Friday, December 19, 2008

Adopting Open Access

Analysis is switching publishers from Blackwell to OUP, and it isn't the only high-profile philosophy journal with such migratory rights. This raises the question: how can we as philosophers ensure that the next time one of our journals' editorial boards ditches their commercial publisher, they aren't forced into the clutches of another? How can we secure the requisite funding to make open access publication (on the model of Philosophers' Imprint) a live option?

There's no shortage of funds in principle. After all, university libraries are already funding journals. They're just doing it in a ridiculously inefficient way -- buying subscriptions from commercial publishers, rather than funding the journals directly. The latter would end up being much cheaper on net, especially since the only significant expense (I gather) for online publication is the employment of an "editorial assistant" to take care of the administrative work. So in theory the decision for universities (collectively) to fund open-access journals seems like a no-brainer. The only question is how to bring this about. (I guess that's really two questions: what is the precise plan, and who has the power to implement it?)

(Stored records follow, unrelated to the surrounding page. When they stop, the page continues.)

lemma riemann_sum_tendsto_integral:
  fixes f :: "real \<Rightarrow> real"
  assumes nonneg: "\<And>x. 0 \<le> x \<Longrightarrow> 0 \<le> f x" and cont: "continuous_on {0..} f"
    and decay: "\<And>x. 0 \<le> x \<Longrightarrow> f x \<le> K / (1 + x)\<^sup>2"
    and lipschitz: "\<And>x y. 0 \<le> x \<Longrightarrow> x \<le> y \<Longrightarrow> \<bar>f y - f x\<bar> \<le> K * (y - x) / (1 + x)\<^sup>2"
  shows "f integrable_on {0..}"
    and "\<And>d. 0 < d \<Longrightarrow> summable (\<lambda>n. f (real n * d))"
    and "((\<lambda>d. d * (\<Sum>n. f (real n * d))) \<longlongrightarrow> integral {0..} f) (at_right 0)"
proof -
  have "0 \<le> K"
    using nonneg[of 0] decay[of 0] by simp
  have intv: "f integrable_on {a..b}" if "0 \<le> a" for a b
    using that by (intro integrable_continuous_interval continuous_on_subset[OF cont]) auto
  show summable: "summable (\<lambda>n. f (real n * d))" if "0 < d" for d
    using that nonneg decay
    by (intro summable_comparison_test[OF _ summable_mult[OF inverse_square_grid_summable(1)[OF that], of K]])
      auto
  define cell where "cell d n = integral {real n * d..real (Suc n) * d} f" for d n
  have cell_close: "\<bar>d * f (real n * d) - cell d n\<bar> \<le> K * d\<^sup>2 / (1 + real n * d)\<^sup>2"
    if "0 < d" for d n
  proof -
    have "\<bar>d * f (real n * d) - integral {real n * d..real n * d + d} f\<bar> \<le> K / (1 + real n * d)\<^sup>2 * d\<^sup>2"
      using that \<open>0 \<le> K\<close> lipschitz[of "real n * d"]
      by (intro integral_cell_approx intv) (auto simp: mult.commute)
    then show ?thesis
      by (simp add: cell_def algebra_simps)
  qed
  have cells: "f integrable_on {0..}" "cell d sums integral {0..} f" if "0 < d" for d
  proof -
    have "cell d n \<le> d * f (real n * d) + K * d\<^sup>2 * (1 / (1 + real n * d)\<^sup>2)" for n
      using cell_close[OF that, of n] by simp
    moreover have "summable (\<lambda>n. d * f (real n * d) + K * d\<^sup>2 * (1 / (1 + real n * d)\<^sup>2))"
      using that by (intro summable_add summable_mult summable inverse_square_grid_summable(1))
    ultimately show "f integrable_on {0..}" "cell d sums integral {0..} f"
      using sums_integral_grid_cells[OF nonneg intv[OF order_refl] that, where B =
          "\<lambda>n. d * f (real n * d) + K * d\<^sup>2 * (1 / (1 + real n * d)\<^sup>2)"]
      unfolding cell_def by auto
  qed
  then show "f integrable_on {0..}"
    using zero_less_one by blast
  have "\<bar>d * (\<Sum>n. f (real n * d)) - integral {0..} f\<bar> \<le> 2 * K * d" if "0 < d" "d \<le> 1" for d
  proof -
    have "\<bar>(\<Sum>n. d * f (real n * d)) - suminf (cell d)\<bar> \<le> K * d\<^sup>2 * (1 + d) / d"
      using cell_close \<open>0 < d\<close> cells(2)[OF \<open>0 < d\<close>]
      by (intro suminf_close_inverse_square(2)) (auto simp: sums_iff)
    also have "\<dots> \<le> 2 * K * d"
      using that \<open>0 \<le> K\<close> by (simp add: power2_eq_square field_simps mult_left_mono)
    finally show ?thesis
      using cells(2)[OF \<open>0 < d\<close>] suminf_mult[OF summable[OF \<open>0 < d\<close>]] by (simp add: sums_iff)
  qed
  then show "((\<lambda>d. d * (\<Sum>n. f (real n * d))) \<longlongrightarrow> integral {0..} f) (at_right 0)"
    by (rule tendsto_at_right_0_linear_bound)
qed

The simplest option may be a piecemeal approach, whereby individual universities independently arrange to "adopt" -- and henceforth fund -- some prestigious journal. (Just as the University of Michigan funds the Philosophers' Imprint.) This won't solve everything, but every step helps.

Some questions:
(1) How difficulty would it be, in practice, to organize such an 'adoption'?
(2) Who, in each university, is in a position to authorize it? (Who should I be discussing this with?)

Alternatively: is there some appropriate academic body that can extract the requisite funding from its member libraries, and so solve the collective action problem in one fell swoop? (I assume we can't wait for Congress to fix this for us...) Any other ideas?

(N.B. A lot of philosophers share this ideal -- the 'Open Access Philosophy' Facebook group alone has over 350 450 members, including some very prominent philosophers -- so it seems like we really should be able to make progress here, if only we can figure out how.)

9 comments:

  1. Great idea, bad timing. University library budgets are being hacked. They're not likely to be enthusiastic about large new expenditures. If the stock market follows historical patterns, with endowments and tax receipts following course, things will look much better in a few years.

    (This isn't to say you shouldn't try. But if you're only going to try once, now is probably not the time.)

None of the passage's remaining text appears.